Dynamics of Coulombic and Gravitational Periodic Systems

TL;DR

This paper investigates the complex dynamics of Coulombic and gravitational three-body systems with periodic boundaries, revealing diverse behaviors including chaos and quasiperiodicity, and introduces a novel isomorphic reduction to a single-particle 2D potential model.

Contribution

It provides the first analysis of spatially periodic 3-body systems, deriving exact Hamiltonians and demonstrating their rich dynamical behaviors through simulations.

Findings

No evidence of global chaos in either system.

Transition from non-chaotic to mixed behavior with energy changes.

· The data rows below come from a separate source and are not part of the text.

lemma Le_norm_le_if_AE_tendsto:
  assumes v: "\<And>j. v j \<in> ME M E" and g: "g \<in> borel_measurable M"
    and lim: "AE x in M. (\<lambda>j. v j x) \<longlonglongrightarrow> g x" and bd: "\<And>j. Le_norm M E (v j) \<le> \<epsilon>"
  shows "g \<in> ME M E" "Le_norm M E g \<le> \<epsilon>"
proof -
  have vm: "v j \<in> borel_measurable M" for j using ME_measurable[OF v] .
  have "l \<in> Le_levels M E g" if l: "\<epsilon> < l" for l
  proof -
    have l0: "0 < l" using l bd[of 0] Le_norm_nonneg[OF v] by (meson le_less_trans)
    have "E_e M E (\<lambda>x. g x / l) \<le> 1"
    proof (rule E_e_lsc[of "\<lambda>j x. v j x / l"])
      show "loc_conv_in_measure M (\<lambda>j x. v j x / l) (\<lambda>x. g x / l)"
        using lim vm g l0 by (intro AE_tendsto_imp_loc_conv_in_measure)
          (auto elim!: eventually_mono intro!: tendsto_divide tendsto_const)
      show "E_e M E (\<lambda>x. v j x / l) \<le> 1" for j
        using bd[of j] l by (intro E_e_div_le_if_Le_norm_less v) auto
    qed (use vm g in auto)
    then show ?thesis unfolding Le_levels_def using l0 by simp
  qed
  moreover have "0 \<le> \<epsilon>" using bd[of 0] Le_norm_nonneg[OF v] by (meson order_trans)
  ultimately show "g \<in> ME M E" "Le_norm M E g \<le> \<epsilon>"
    by (auto intro: ME_if_in_Le_levels[OF g, of "\<epsilon> + 1"] Le_norm_leI)
qed

text \<open>Increments of norm below \<open>2\<^sup>-\<^sup>j / \<alpha>(2\<^sup>-\<^sup>j)\<close> have truncations of weighted integral
  at most \<open>2 \<cdot> 2\<^sup>-\<^sup>j\<close>, by the weighted estimate for \<open>p = 1\<close>.\<close>

lemma AE_convergent_subseq_if_trivial_kernel:
  fixes u :: "nat \<Rightarrow> 'a \<Rightarrow> real"
  assumes TK: "trivial_kernel M E" and u: "\<And>n. u n \<in> ME M E"
    and Cauchy: "\<forall>\<epsilon>>0. \<exists>K. \<forall>m\<ge>K. \<forall>n\<ge>K. Le_norm M E (\<lambda>x. u m x - u n x) < \<epsilon>"
  shows "\<exists>\<sigma>. strict_mono \<sigma> \<and> (AE x in M. convergent (\<lambda>j. u (\<sigma> j) x))"
proof -
  obtain w where w: "admissible_weight M w" by (rule admissible_weight_exists)
  obtain \<alpha> where \<alpha>0: "\<And>r. 0 < r \<Longrightarrow> 0 < \<alpha> r" and \<alpha>: "\<And>r d. 0 < r \<Longrightarrow> d \<in> ME M E \<Longrightarrow>
      integral\<^sup>L M (\<lambda>x. unit_trunc d x * w x) \<le> \<alpha> r * Le_norm M E d + r"
    using weighted_integral_unit_trunc_le[OF w weighted_estimate_if_trivial_kernel[OF TK w]] by auto
  obtain \<sigma> where \<sigma>: "strict_mono \<sigma>"
    and fast: "\<And>j. Le_norm M E (\<lambda>x. u (\<sigma> (Suc j)) x - u (\<sigma> j) x) < (1/2)^j / \<alpha> ((1/2)^j)"
    using fast_Cauchy_subseq[OF Cauchy, of "\<lambda>j. (1/2)^j / \<alpha> ((1/2)^j)"] \<alpha>0 by auto
  have "integral\<^sup>L M (\<lambda>x. unit_trunc (\<lambda>x. u (\<sigma> (Suc j)) x - u (\<sigma> j) x) x * w x) \<le> 2 * (1/2)^j" for j
  proof -
    have "\<alpha> ((1/2)^j) * Le_norm M E (\<lambda>x. u (\<sigma> (Suc j)) x - u (\<sigma> j) x) \<le> (1/2)^j"
      using fast[of j] \<alpha>0[of "(1/2)^j"] by (simp add: field_simps)
    moreover have "integral\<^sup>L M (\<lambda>x. unit_trunc (\<lambda>x. u (\<sigma> (Suc j)) x - u (\<sigma> j) x) x * w x)
        \<le> \<alpha> ((1/2)^j) * Le_norm M E (\<lambda>x. u (\<sigma> (Suc j)) x - u (\<sigma> j) x) + (1/2)^j"
      by (rule \<alpha>) (auto intro: ME_diff u)
    ultimately show ?thesis by simp
  qed
  then have "AE x in M. convergent (\<lambda>j. u (\<sigma> j) x)"
    using ME_measurable[OF u]
    by (intro AE_convergent_if_weighted_unit_trunc_summable[OF w, where b = "\<lambda>j. 2 * (1/2)^j"])
      (auto intro: summable_mult summable_geometric)
  with \<sigma> show ?thesis by blast
qed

Distinct chaotic transition behavior compared to free-boundary systems.

Abstract

We study the dynamics and the phase-space structures of Coulombic and self-gravitating versions of the classical one-dimensional 3-body system with periodic boundary conditions. We demonstrate that such a 3-body system may be reduced isomorphically to a spatially periodic system of a single particle experiencing a two-dimensional potential on a rhombic plane. For the case of both Coulombic and gravitational versions, exact expressions of the Hamiltonian have been derived in rhombic coordinates. We simulate the phase-space evolution through an event-driven algorithm that utilizes analytic solutions to the equations of motion. The simulation results show that the motion exhibits chaotic, quasiperiodic, and periodic behaviors in segmented regions of the phase space. While there is no evidence of global chaos in either the Coulombic or the gravitational system, the former exhibits a transition from a completely non-chaotic phase space at low energies to a mixed behavior. Gradual yet striking transitions from mild to intense chaos are indicated with changing energy, a behavior that differentiates the spatially periodic systems studied in this paper from the well-understood free-boundary versions of the 3-body problem. Our treatment of the 3-body systems is the first one of its kind and opens avenues for analysis of the dynamical properties exhibited by spatially periodic versions of various classes of systems studied in plasma and gravitational physics as well as in cosmology.